Welcome!

Blog Feed Post

Right time to review the following security standards


Security is the keyword that makes or breaks an organization and an essential requirement of cloudification of your business. Even though it is debatable whether compliance and security are one and the same, it is easy to see that security concerns begat the other.

Instead of adding a reading list, I am summarizing some of the security related acronyms that I came across while looking at the security standards and the standards adopted by some of the countries.

Here are some links to Asian Standards.

China:
http://csis.org/publication/national-security-and-chinas-information-security-standards

India:
This is quoted from the following:
"The International Standard IS/ISO/IEC 27001 on “Information Technology –
Security Techniques – Information Security Management System – Requirements”
has been adopted by the country"
In effect it adopts IEC 27001 for its requirements.

http://www.naavi.org/cl_editorial_11/draft_guidelines_43A-79-cyber_cafe/senstivepersonainfo07_02_11.pdf

Japan:
Also follows ISO 27001 and it is required by companies just like in India.
http://www.safis-solutions.com/resources/IndustryNews/iso27001.shtml

Regarding the acronyms:

PII is ―"any information about an individual maintained by an agency, including (1) any information that can be used to distinguish or trace an individual‘s identity, such as name, social security number, date and place of birth, mother‘s maiden name, or biometric records; and (2) any other information that is linked or linkable to an individual, such as medical, educational, financial, and employment information."

The above is taken from NIST's document at this link:
http://csrc.nist.gov/publications/nistpubs/800-122/sp800-122.pdf

Although this is a very broad definition, because of our education, work, or other activity the PII for most people should readily be available. It also turns out that even if you are non-PI source now, once you carry our activities like applying for driver's license; getting an new email address etc may turn you into a PII source.
More here on this:
http://www.gsa.gov/portal/content/104256


PCI
Payment Credit Card Industry Data Security Standard (PCI DSS) applicable to credit card transactions. PCI DSS puts down the requirments to secure entities that deal with processing, storing or transmitting credit card information. There are no visible penalites for not being PCI compliant.

PA DSS is Processing Application Data Security Standard where the application  includes entities that store, transmit Credit Card Information electroncally such as Point-of-sales devices at retail stores; shopping carts on on-line; restaurants; your tax preparer  etc.

Members of Payment Card Industry Security Standard Council (PCI SSC) are American Express, Discover, JCB, MasterCard or Visa

More here:
https://www.pcisecuritystandards.org/security_standards/documents.php?document=pci_dss_v2-0#pci_dss_v2-0

PIPEDA - Canada
Personal Information Protection and Electronic Documents Act (PIPEDA) is an act of Canadian government related to electronic commerce.

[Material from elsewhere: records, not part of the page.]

lemma support_functional_norm_le:
  assumes "norm f \<le> 1" "blinfun_apply f x = norm x" "x \<noteq> 0"
  shows "support_functional x f"
proof -
  have "norm x \<le> norm f * norm x" using norm_blinfun[of f x] assms(2) by simp
  with assms show ?thesis unfolding support_functional_def by simp
qed

lemma support_functional_value_iff:
  assumes "x \<noteq> 0"
  shows "(\<exists>f. support_functional x f \<and> blinfun_apply f y = \<beta>) \<longleftrightarrow> (\<forall>t. norm x + t * \<beta> \<le> norm (x + t *\<^sub>R y))"
proof
  assume "\<exists>f. support_functional x f \<and> blinfun_apply f y = \<beta>"
  then obtain f where f: "norm f = 1" "blinfun_apply f x = norm x" "blinfun_apply f y = \<beta>"
    unfolding support_functional_def by blast
  show "\<forall>t. norm x + t * \<beta> \<le> norm (x + t *\<^sub>R y)"
  proof
    fix t
    have "norm x + t * \<beta> = blinfun_apply f (x + t *\<^sub>R y)" using f by (simp add: blinfun.add_right blinfun.scaleR_right)
    also have "\<dots> \<le> norm (x + t *\<^sub>R y)" using norm_blinfun[of f "x + t *\<^sub>R y"] f(1) by simp
    finally show "norm x + t * \<beta> \<le> norm (x + t *\<^sub>R y)" .
  qed
next
  assume "\<forall>t. norm x + t * \<beta> \<le> norm (x + t *\<^sub>R y)"
  then obtain f where "norm f \<le> 1" "blinfun_apply f x = norm x" "blinfun_apply f y = \<beta>"
    using norm_dominated_functional by blast
  with assms show "\<exists>f. support_functional x f \<and> blinfun_apply f y = \<beta>"
    using support_functional_norm_le by blast
qed

lemma support_functional_exists:
  assumes "x \<noteq> 0"
  obtains f where "support_functional x f"
  using support_functional_value_iff[OF assms, of 0 0] by auto

lemma bj_orth_iff_support_functional:
  assumes "x \<noteq> 0"
  shows "bj_orth x y \<longleftrightarrow> (\<exists>f. support_functional x f \<and> blinfun_apply f y = 0)"
  unfolding bj_orth_def support_functional_value_iff[OF assms] by simp

lemma bj_orth_shift_if_support_functionals_differ:
  assumes "x \<noteq> 0" "support_functional x f" "support_functional x g" "f \<noteq> g"
  obtains y c where "bj_orth x y" "bj_orth x (y + c *\<^sub>R x)" "c \<noteq> 0"
proof -
  have nx: "0 < norm x" using assms(1) by simp
  have fx: "blinfun_apply f x = norm x" and gx: "blinfun_apply g x = norm x"
    using assms(2,3) unfolding support_functional_def by auto
  obtain z where z: "blinfun_apply f z \<noteq> blinfun_apply g z"
    using assms(4) blinfun_eqI by blast
  define y where "y = z - (blinfun_apply f z / norm x) *\<^sub>R x"
  define c where "c = (blinfun_apply f z - blinfun_apply g z) / norm x"
  have "blinfun_apply f y = 0"
    unfolding y_def using fx nx by (simp add: blinfun.diff_right blinfun.scaleR_right)
  then have "bj_orth x y" using bj_orth_iff_support_functional[OF assms(1)] assms(2) by blast
  moreover have "blinfun_apply g (y + c *\<^sub>R x) = 0"
    unfolding y_def c_def using gx nx
    by (simp add: blinfun.add_right blinfun.diff_right blinfun.scaleR_right field_simps)
  then have "bj_orth x (y + c *\<^sub>R x)" using bj_orth_iff_support_functional[OF assms(1)] assms(3) by blast
  moreover have "c \<noteq> 0" unfolding c_def using z nx by simp
  ultimately show thesis by (rule that)
qed

section \<open>Semi-inner-products and norming sequences\<close>

lemma is_sip_abs_le:
  assumes "is_sip s"
  shows "\<bar>s x y\<bar> \<le> norm x * norm y"
proof -
  have "(s x y)\<^sup>2 \<le> s x x * s y y" "s x x = (norm x)\<^sup>2" "s y y = (norm y)\<^sup>2"
    using assms unfolding is_sip_def by blast+
  then have "(s x y)\<^sup>2 \<le> (norm x * norm y)\<^sup>2" by (simp add: power_mult_distrib)
  then show ?thesis using abs_le_square_iff[of "s x y" "norm x * norm y"] by simp
qed

lemma is_sip_self:
  assumes "is_sip s"
  shows "s x x = (norm x)\<^sup>2"
  using assms unfolding is_sip_def by simp

lemma is_sip_add_scaleR:
  assumes "is_sip s"
  shows "s (x + t *\<^sub>R y) z = s x z + t * s y z"
  using assms unfolding is_sip_def by simp

lemma line_representative_exists:
  obtains rep :: "'v::real_vector \<Rightarrow> 'v"
  where "\<And>y. \<exists>k. k \<noteq> 0 \<and> rep y = k *\<^sub>R y" and "\<And>a y. a \<noteq> 0 \<Longrightarrow> rep (a *\<^sub>R y) = rep y"
proof
  define line where "line y = {c *\<^sub>R y | c. c \<noteq> 0}" for y :: 'v
  show "\<exists>k. k \<noteq> 0 \<and> (SOME z. z \<in> line y) = k *\<^sub>R y" for y
  proof -
    have "y \<in> line y" unfolding line_def by (rule CollectI, rule exI[of _ 1]) simp
    then have "(SOME z. z \<in> line y) \<in> line y" by (rule someI)
    then show ?thesis unfolding line_def by blast
  qed
  have "line (a *\<^sub>R y) = line y" if "a \<noteq> 0" for a y
  proof
    show "line (a *\<^sub>R y) \<subseteq> line y" using that unfolding line_def by auto
    show "line y \<subseteq> line (a *\<^sub>R y)"
    proof
      fix z assume "z \<in> line y"
      then obtain c where "c \<noteq> 0" "z = c *\<^sub>R y" unfolding line_def by blast
      with that have "z = (c / a) *\<^sub>R (a *\<^sub>R y)" "c / a \<noteq> 0" by simp_all
      then show "z \<in> line (a *\<^sub>R y)" unfolding line_def by blast
    qed
  qed
  then show "(SOME z. z \<in> line (a *\<^sub>R y)) = (SOME z. z \<in> line y)" if "a \<noteq> 0" for a y
    using that by simp
qed

text \<open>\<open>s x y = f\<^sub>y y * f\<^sub>y x\<close>, where \<open>f\<^sub>y\<close> norms the chosen representative of the line
  through \<open>y\<close>; choosing \<open>f\<^sub>y\<close> per line rather than per vector makes \<open>s\<close> homogeneous in \<open>y\<close>.\<close>

lemma is_sip_exists: "\<exists>s :: 'b::real_normed_vector \<Rightarrow> 'b \<Rightarrow> real. is_sip s"
proof -
  obtain rep :: "'b \<Rightarrow> 'b" where rep: "\<And>y. \<exists>k. k \<noteq> 0 \<and> rep y = k *\<^sub>R y"
    and rep_scaleR: "\<And>a y. a \<noteq> 0 \<Longrightarrow> rep (a *\<^sub>R y) = rep y"
    using line_representative_exists by blast
  define F where "F y = (SOME f :: 'b \<Rightarrow>\<^sub>L real. norm f \<le> 1 \<and> blinfun_apply f (rep y) = norm (rep y))" for y
  have F: "norm (F y) \<le> 1" "blinfun_apply (F y) (rep y) = norm (rep y)" for y
  proof -
    obtain f :: "'b \<Rightarrow>\<^sub>L real" where "norm f \<le> 1" "blinfun_apply f (rep y) = norm (rep y)"
      using norm_dominated_functional[of "rep y" 0 0] by auto
    then show "norm (F y) \<le> 1" "blinfun_apply (F y) (rep y) = norm (rep y)"
      unfolding F_def by (metis (mono_tags, lifting) someI)+
  qed
  have F_scaleR: "F (a *\<^sub>R y) = F y" if "a \<noteq> 0" for a y
    unfolding F_def rep_scaleR[OF that] ..
  have F_self: "(blinfun_apply (F y) y)\<^sup>2 = (norm y)\<^sup>2" for y
  proof -
    obtain k where k: "k \<noteq> 0" "rep y = k *\<^sub>R y" using rep by blast
    then have "k * blinfun_apply (F y) y = \<bar>k\<bar> * norm y" using F(2)[of y] by (simp add: blinfun.scaleR_right)
    then have "k\<^sup>2 * (blinfun_apply (F y) y)\<^sup>2 = k\<^sup>2 * (norm y)\<^sup>2" by (metis power2_abs power_mult_distrib)
    with k show ?thesis by simp
  qed
  have F_bound: "\<bar>blinfun_apply (F y) x\<bar> \<le> norm x" for x y
    using norm_blinfun[of "F y" x] F(1)[of y] mult_right_mono[of _ 1 "norm x"] by fastforce
  define s where "s x y = blinfun_apply (F y) y * blinfun_apply (F y) x" for x y
  have "is_sip s"
    unfolding is_sip_def
  proof (intro conjI allI)
    fix x y z show "s (x + y) z = s x z + s y z"
      unfolding s_def by (simp add: blinfun.add_right algebra_simps)
  next
    fix a :: real and x y show "s (a *\<^sub>R x) y = a * s x y"
      unfolding s_def by (simp add: blinfun.scaleR_right)
  next
    fix a :: real and x y show "s x (a *\<^sub>R y) = a * s x y"
      by (cases "a = 0") (simp_all add: s_def F_scaleR blinfun.scaleR_right)
  next
    fix x show "s x x = (norm x)\<^sup>2"
      unfolding s_def using F_self[of x] by (simp add: power2_eq_square)
  next
    fix x y
    have "(s x y)\<^sup>2 = (norm y)\<^sup>2 * (blinfun_apply (F y) x)\<^sup>2"
      unfolding s_def using F_self[of y] by (simp add: power_mult_distrib)
    also have "\<dots> \<le> (norm y)\<^sup>2 * (norm x)\<^sup>2"
      using F_bound[of y x] abs_le_square_iff[of "blinfun_apply (F y) x" "norm x"]
      by (intro mult_left_mono) auto
    also have "\<dots> = s x x * s y y"
      unfolding s_def using F_self[of x] F_self[of y] by (simp add: power2_eq_square)
    finally show "(s x y)\<^sup>2 \<le> s x x * s y y" .
  qed
  then show ?thesis by blast
qed

lemma norming_seq_exists:
  fixes T :: "'a::real_normed_vector \<Rightarrow>\<^sub>L 'b::real_normed_vector"
  assumes "T \<noteq> 0"
  obtains xs where "norming_seq T xs"
proof -
  have nT: "0 < norm T" using assms by simp
  have "\<exists>x. norm x = 1 \<and> norm T - norm T / Suc n < norm (blinfun_apply T x)" for n
  proof (rule ccontr)
    define K where "K = norm T - norm T / Suc n"
    assume "\<nexists>x. norm x = 1 \<and> norm T - norm T / Suc n < norm (blinfun_apply T x)"
    then have K_bound: "norm (blinfun_apply T x) \<le> K" if "norm x = 1" for x
      using that unfolding K_def by force
    have "norm T \<le> K"
    proof (rule norm_blinfun_bound)
      show "0 \<le> K" unfolding K_def using nT by (simp add: field_simps)
      show "norm (blinfun_apply T x) \<le> K * norm x" for x
      proof (cases "x = 0")
        case False
        then have "norm (blinfun_apply T (x /\<^sub>R norm x)) \<le> K" by (intro K_bound) simp
        with False show ?thesis by (simp add: blinfun.scaleR_right field_simps)
      qed simp
    qed
    moreover have "K < norm T" unfolding K_def using nT by simp
    ultimately show False by simp
  qed
  then obtain xs where unit: "\<And>n. norm (xs n) = 1"
    and lower: "\<And>n. norm T - norm T / Suc n < norm (blinfun_apply T (xs n))" by metis
  have upper: "norm (blinfun_apply T (xs n)) \<le> norm T" for n
    using norm_blinfun[of T "xs n"] unit by simp
  have "(\<lambda>n. norm T - norm T / Suc n) \<longlonglongrightarrow> norm T"
    using tendsto_diff[OF tendsto_const LIMSEQ_Suc[OF lim_const_over_n[of "norm T"]]] by simp
  then have "(\<lambda>n. norm (blinfun_apply T (xs n))) \<longlonglongrightarrow> norm T"
    by (rule tendsto_sandwich[rotated 2, OF _ tendsto_const])
      (use lower upper less_imp_le in \<open>auto intro!: always_eventually\<close>)
  with unit show thesis by (intro that[of xs]) (simp add: norming_seq_def)
qed

lemma subseq_limit_exists:
  assumes "is_sip s" "norming_seq T xs"
  obtains L where "subseq_limit (\<lambda>n. s (blinfun_apply A (xs n)) (blinfun_apply T (xs n))) L"
proof -
  have "\<bar>s (blinfun_apply A (xs n)) (blinfun_apply T (xs n))\<bar> \<le> norm A * norm T" for n
  proof -
    have "\<bar>s (blinfun_apply A (xs n)) (blinfun_apply T (xs n))\<bar>
        \<le> norm (blinfun_apply A (xs n)) * norm (blinfun_apply T (xs n))"
      by (rule is_sip_abs_le[OF assms(1)])
    also have "\<dots> \<le> norm A * norm T"
      using norm_blinfun[of A "xs n"] norm_blinfun[of T "xs n"] assms(2)
      unfolding norming_seq_def by (intro mult_mono) auto
    finally show ?thesis .
  qed
  then have "bounded (range (\<lambda>n. s (blinfun_apply A (xs n)) (blinfun_apply T (xs n))))"
    unfolding bounded_iff real_norm_def by blast
  then show thesis
    using bounded_imp_convergent_subsequence that unfolding subseq_limit_def by blast
qed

"An Act to support and promote electronic commerce by protecting personal information that is collected, used or disclosed in certain circumstances, by providing for the use of electronic means to communicate or record information or transactions and by amending the Canada Evidence Act, the Statutory Instruments Act and the Statute Revision Act
"
This is a quote from the following site:

Details here:
http://laws-lois.justice.gc.ca/eng/acts/P-8.6/

Directive 95/46/EC - Europe
A directive of the European Parliament and of the Council of 24 October 1995 on the protection of individuals with regard to the processing of personal data and on the free movement of such data.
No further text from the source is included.